* Requirement: Where in the listing does the string "card" appear? Copy every line that holds it.

□ □ □

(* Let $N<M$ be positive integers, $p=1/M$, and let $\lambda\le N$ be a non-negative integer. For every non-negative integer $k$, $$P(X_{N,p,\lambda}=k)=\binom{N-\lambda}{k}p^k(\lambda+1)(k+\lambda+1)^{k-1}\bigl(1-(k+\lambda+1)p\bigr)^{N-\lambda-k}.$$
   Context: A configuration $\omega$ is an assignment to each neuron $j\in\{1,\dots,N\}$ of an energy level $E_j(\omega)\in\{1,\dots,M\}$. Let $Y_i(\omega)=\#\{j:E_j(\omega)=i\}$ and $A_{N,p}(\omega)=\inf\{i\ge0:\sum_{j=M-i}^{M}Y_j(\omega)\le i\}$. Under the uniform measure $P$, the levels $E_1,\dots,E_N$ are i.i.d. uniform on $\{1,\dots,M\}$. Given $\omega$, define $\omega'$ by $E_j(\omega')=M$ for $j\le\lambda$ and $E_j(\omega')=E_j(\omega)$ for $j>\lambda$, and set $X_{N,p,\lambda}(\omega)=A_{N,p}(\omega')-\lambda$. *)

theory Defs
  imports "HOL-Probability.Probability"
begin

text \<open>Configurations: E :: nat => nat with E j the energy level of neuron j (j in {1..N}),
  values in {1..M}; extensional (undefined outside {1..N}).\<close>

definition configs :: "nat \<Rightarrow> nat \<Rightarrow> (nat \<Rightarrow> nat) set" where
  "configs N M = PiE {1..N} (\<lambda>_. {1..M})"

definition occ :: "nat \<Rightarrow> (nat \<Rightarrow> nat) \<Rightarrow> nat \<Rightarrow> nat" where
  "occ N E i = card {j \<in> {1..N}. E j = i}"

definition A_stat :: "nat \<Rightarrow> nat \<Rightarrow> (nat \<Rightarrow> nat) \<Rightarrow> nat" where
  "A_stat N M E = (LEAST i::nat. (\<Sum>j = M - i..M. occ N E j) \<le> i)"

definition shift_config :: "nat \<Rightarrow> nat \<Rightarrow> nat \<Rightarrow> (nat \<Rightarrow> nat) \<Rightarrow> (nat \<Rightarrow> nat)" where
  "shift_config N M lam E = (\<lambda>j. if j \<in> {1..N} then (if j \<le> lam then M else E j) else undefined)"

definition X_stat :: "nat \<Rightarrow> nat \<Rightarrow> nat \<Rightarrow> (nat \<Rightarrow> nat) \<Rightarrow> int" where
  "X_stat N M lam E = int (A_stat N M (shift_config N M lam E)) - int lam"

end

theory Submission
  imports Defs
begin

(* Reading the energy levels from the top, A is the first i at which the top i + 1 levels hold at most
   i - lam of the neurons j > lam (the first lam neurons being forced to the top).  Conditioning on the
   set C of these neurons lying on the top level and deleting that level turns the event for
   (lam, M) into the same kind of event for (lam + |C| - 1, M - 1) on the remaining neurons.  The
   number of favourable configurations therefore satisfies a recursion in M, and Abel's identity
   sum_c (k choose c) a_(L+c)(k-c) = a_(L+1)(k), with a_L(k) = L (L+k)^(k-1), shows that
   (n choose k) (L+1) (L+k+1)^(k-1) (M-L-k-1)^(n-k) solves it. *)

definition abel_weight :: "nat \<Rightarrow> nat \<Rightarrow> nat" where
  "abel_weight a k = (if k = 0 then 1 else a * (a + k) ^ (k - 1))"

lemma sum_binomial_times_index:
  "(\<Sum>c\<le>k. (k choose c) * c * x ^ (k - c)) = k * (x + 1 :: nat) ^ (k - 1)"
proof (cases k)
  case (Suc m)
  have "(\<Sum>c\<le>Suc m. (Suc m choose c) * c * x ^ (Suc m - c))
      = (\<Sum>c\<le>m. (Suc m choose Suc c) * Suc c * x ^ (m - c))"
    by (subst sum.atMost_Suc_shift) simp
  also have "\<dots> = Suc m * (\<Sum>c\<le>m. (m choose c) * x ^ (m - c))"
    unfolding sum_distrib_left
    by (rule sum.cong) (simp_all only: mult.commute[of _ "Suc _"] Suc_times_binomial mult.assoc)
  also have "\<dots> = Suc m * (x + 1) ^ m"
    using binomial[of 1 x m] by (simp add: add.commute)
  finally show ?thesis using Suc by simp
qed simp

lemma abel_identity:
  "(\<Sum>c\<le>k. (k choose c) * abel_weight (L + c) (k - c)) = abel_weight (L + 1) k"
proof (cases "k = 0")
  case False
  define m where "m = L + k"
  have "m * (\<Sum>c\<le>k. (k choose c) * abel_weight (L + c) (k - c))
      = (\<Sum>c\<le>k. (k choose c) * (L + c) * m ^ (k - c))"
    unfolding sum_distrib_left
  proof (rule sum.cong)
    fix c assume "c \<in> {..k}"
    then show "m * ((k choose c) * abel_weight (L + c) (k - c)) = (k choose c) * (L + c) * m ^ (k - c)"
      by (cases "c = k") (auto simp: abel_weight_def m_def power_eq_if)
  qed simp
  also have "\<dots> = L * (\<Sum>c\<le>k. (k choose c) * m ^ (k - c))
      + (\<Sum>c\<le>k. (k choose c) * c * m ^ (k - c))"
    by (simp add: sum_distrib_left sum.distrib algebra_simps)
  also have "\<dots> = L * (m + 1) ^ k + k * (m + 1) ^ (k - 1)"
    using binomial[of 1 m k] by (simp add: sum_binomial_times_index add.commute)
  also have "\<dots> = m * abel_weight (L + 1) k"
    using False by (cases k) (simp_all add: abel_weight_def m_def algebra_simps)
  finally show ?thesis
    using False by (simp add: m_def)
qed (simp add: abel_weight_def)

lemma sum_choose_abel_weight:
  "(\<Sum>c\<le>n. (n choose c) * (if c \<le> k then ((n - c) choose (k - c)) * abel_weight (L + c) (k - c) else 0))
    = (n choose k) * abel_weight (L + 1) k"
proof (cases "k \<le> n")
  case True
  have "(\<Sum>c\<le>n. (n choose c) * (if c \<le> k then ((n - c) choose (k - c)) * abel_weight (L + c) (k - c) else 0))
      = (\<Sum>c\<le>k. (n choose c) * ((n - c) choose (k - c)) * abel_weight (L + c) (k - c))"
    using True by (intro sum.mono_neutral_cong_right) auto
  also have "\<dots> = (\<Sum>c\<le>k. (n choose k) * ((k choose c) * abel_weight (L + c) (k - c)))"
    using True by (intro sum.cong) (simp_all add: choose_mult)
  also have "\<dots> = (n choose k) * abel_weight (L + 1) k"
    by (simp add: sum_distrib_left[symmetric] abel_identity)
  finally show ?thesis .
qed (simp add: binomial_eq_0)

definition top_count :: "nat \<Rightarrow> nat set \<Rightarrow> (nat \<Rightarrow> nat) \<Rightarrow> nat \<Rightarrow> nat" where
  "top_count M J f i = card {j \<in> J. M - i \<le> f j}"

□ □ □

* The answer:
  "occ N E i = card {j \<in> {1..N}. E j = i}"
  "top_count M J f i = card {j \<in> J. M - i \<le> f j}"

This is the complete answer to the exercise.